[Items from a data source]
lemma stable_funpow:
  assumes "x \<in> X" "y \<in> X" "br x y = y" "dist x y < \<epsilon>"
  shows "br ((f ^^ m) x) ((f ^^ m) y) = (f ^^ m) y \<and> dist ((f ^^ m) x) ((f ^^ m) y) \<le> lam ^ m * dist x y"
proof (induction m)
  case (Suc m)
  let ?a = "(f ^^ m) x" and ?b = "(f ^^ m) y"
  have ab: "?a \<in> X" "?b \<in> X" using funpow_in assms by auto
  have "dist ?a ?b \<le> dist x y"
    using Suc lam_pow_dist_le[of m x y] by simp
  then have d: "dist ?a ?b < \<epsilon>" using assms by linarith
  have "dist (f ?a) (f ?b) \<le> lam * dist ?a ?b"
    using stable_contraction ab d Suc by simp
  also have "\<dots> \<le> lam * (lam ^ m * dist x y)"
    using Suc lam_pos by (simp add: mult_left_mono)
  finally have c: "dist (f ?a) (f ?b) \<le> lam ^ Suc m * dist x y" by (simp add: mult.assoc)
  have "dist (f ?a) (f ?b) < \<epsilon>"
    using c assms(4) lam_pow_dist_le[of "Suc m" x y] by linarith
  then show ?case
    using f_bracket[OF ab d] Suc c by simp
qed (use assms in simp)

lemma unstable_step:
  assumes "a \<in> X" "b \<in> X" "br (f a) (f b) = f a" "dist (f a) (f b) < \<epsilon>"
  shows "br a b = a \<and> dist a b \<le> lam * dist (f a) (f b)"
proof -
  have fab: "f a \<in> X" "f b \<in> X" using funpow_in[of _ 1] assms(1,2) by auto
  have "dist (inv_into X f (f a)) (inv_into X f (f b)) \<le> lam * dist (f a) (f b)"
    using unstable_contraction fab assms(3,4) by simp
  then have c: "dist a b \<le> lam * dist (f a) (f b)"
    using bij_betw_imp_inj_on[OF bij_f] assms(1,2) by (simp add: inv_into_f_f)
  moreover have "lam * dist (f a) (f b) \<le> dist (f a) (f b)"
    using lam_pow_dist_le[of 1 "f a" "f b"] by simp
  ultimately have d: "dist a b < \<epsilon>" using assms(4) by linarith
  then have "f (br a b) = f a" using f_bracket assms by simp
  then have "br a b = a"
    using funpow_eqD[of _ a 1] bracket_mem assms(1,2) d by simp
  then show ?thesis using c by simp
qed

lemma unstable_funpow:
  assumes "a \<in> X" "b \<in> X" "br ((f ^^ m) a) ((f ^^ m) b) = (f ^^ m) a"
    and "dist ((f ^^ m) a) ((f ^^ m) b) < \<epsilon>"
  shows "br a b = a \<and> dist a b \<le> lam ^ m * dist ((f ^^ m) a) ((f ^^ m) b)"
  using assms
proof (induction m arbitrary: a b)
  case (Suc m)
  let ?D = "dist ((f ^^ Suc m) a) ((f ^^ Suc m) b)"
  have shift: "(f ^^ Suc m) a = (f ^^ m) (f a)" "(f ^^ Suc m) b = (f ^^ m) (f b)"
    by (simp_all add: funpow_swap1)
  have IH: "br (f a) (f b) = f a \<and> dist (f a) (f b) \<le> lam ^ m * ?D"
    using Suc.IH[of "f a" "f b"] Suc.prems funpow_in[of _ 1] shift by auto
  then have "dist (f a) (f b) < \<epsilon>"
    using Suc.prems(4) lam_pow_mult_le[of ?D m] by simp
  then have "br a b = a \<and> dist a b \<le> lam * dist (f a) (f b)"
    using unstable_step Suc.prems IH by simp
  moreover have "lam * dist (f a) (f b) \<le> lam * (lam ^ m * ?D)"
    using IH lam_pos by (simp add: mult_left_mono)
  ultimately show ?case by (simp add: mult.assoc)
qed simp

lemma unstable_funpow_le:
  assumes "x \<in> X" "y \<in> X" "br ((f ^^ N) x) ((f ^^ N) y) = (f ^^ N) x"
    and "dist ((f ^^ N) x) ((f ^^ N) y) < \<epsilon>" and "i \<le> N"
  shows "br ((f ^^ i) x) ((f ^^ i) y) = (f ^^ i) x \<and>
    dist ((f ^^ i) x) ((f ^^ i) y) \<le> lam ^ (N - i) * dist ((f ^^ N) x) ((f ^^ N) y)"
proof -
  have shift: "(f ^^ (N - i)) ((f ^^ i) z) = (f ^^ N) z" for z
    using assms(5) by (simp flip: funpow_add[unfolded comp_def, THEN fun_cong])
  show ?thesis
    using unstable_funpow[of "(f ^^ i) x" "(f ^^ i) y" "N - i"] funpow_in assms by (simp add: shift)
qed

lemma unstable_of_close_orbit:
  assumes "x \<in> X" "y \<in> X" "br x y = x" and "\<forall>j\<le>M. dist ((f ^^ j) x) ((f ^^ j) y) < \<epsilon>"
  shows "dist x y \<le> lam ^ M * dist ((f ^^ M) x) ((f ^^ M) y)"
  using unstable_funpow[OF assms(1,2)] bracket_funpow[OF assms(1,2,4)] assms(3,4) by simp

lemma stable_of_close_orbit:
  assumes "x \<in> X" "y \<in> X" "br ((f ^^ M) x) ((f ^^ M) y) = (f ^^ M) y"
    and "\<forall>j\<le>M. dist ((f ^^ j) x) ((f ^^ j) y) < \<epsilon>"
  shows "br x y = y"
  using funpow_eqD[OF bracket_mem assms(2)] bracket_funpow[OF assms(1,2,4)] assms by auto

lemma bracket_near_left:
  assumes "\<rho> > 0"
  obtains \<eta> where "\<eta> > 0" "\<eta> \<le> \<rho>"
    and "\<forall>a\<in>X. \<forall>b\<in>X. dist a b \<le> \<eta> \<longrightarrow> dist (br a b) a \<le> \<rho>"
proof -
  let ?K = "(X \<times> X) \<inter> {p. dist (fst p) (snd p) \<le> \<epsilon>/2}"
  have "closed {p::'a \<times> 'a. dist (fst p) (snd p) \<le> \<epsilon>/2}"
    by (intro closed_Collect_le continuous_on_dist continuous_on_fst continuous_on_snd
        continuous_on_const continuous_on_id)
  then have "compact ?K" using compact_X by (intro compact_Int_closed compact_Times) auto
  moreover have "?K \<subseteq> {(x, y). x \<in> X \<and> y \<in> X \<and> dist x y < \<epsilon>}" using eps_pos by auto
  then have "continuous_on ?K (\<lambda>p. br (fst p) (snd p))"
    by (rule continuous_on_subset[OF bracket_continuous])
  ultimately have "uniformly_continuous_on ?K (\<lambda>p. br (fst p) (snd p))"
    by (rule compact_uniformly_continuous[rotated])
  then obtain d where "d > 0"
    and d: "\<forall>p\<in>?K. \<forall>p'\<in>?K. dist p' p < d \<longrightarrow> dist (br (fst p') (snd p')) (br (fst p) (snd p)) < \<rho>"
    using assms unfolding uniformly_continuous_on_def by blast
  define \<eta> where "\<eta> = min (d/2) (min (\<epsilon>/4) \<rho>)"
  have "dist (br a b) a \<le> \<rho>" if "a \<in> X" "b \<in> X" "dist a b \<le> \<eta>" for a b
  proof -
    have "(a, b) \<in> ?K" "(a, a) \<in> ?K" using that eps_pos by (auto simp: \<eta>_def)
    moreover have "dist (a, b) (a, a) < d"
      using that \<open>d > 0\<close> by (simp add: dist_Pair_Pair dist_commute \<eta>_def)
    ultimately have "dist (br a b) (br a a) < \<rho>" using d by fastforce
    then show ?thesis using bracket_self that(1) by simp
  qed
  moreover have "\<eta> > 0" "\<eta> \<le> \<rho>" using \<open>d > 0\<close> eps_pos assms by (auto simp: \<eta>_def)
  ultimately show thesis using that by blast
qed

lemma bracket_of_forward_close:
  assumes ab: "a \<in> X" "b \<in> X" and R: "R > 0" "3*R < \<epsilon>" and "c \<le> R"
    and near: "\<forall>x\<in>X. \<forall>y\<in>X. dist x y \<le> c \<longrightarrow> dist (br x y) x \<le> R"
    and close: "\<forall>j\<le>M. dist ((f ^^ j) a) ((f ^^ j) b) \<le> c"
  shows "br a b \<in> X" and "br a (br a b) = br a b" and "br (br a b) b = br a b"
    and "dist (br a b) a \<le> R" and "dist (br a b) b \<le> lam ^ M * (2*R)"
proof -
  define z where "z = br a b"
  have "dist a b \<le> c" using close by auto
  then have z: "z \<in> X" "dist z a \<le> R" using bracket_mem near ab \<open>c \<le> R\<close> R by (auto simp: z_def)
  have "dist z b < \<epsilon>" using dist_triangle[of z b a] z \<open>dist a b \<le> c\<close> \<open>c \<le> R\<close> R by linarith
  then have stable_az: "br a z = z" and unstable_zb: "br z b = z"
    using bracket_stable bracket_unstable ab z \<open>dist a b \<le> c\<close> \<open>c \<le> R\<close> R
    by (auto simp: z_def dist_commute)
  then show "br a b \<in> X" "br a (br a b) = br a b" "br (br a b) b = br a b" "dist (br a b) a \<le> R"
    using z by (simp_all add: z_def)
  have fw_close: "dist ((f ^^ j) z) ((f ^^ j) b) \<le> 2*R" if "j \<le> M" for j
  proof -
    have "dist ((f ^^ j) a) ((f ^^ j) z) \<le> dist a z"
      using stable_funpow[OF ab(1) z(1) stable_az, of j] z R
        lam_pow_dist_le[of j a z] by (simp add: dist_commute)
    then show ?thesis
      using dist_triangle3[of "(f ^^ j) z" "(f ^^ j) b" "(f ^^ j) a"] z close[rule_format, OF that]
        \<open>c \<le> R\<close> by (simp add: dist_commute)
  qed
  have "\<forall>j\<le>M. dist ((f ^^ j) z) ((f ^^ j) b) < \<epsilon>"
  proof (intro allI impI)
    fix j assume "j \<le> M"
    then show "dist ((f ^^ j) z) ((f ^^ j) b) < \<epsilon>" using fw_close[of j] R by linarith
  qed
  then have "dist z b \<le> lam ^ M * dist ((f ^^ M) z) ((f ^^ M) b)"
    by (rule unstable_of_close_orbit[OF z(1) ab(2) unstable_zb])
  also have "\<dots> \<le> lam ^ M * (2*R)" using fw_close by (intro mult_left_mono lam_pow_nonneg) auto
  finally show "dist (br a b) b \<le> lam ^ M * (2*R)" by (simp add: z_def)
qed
==
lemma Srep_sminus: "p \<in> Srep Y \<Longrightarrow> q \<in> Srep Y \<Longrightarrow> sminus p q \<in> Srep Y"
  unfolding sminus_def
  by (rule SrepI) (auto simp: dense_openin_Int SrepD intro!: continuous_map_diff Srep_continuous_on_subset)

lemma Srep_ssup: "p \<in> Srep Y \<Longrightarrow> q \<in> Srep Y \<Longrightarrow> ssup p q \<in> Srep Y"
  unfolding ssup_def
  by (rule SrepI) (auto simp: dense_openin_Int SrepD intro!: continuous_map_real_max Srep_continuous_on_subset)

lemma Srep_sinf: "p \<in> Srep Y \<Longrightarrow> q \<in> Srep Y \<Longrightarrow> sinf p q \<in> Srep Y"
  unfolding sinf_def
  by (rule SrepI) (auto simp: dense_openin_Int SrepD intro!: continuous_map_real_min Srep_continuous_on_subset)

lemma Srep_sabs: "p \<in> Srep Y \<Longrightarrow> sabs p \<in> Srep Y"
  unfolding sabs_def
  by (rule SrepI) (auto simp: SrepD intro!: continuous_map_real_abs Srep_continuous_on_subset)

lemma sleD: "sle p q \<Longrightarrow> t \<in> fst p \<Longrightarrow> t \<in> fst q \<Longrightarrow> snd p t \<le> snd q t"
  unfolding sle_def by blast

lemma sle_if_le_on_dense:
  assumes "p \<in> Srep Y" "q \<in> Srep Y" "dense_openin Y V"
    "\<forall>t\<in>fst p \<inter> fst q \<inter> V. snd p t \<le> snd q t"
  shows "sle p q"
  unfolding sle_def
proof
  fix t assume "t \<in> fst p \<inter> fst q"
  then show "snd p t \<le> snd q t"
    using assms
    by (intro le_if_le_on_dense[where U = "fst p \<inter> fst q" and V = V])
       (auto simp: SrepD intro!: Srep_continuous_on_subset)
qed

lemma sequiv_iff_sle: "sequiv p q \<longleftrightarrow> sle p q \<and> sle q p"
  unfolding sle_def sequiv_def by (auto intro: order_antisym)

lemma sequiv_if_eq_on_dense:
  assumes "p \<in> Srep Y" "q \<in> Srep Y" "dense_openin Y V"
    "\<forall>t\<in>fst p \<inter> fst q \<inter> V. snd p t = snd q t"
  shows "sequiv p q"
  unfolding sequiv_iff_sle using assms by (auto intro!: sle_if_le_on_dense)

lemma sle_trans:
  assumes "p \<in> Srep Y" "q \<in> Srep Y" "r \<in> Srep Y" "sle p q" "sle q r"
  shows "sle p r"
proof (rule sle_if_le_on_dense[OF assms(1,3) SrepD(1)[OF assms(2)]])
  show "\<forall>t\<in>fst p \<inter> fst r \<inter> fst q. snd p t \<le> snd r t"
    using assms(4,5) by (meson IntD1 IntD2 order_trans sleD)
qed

Problem to solve:
Reproduce, character for character, only the lines of the preceding data that start at the line with "(f a)) (inv_into" and end at the line with "a) ((f ^^ m) b) = (f", both included.

Answer area:
  have "dist (inv_into X f (f a)) (inv_into X f (f b)) \<le> lam * dist (f a) (f b)"
    using unstable_contraction fab assms(3,4) by simp
  then have c: "dist a b \<le> lam * dist (f a) (f b)"
    using bij_betw_imp_inj_on[OF bij_f] assms(1,2) by (simp add: inv_into_f_f)
  moreover have "lam * dist (f a) (f b) \<le> dist (f a) (f b)"
    using lam_pow_dist_le[of 1 "f a" "f b"] by simp
  ultimately have d: "dist a b < \<epsilon>" using assms(4) by linarith
  then have "f (br a b) = f a" using f_bracket assms by simp
  then have "br a b = a"
    using funpow_eqD[of _ a 1] bracket_mem assms(1,2) d by simp
  then show ?thesis using c by simp
qed

lemma unstable_funpow:
  assumes "a \<in> X" "b \<in> X" "br ((f ^^ m) a) ((f ^^ m) b) = (f ^^ m) a"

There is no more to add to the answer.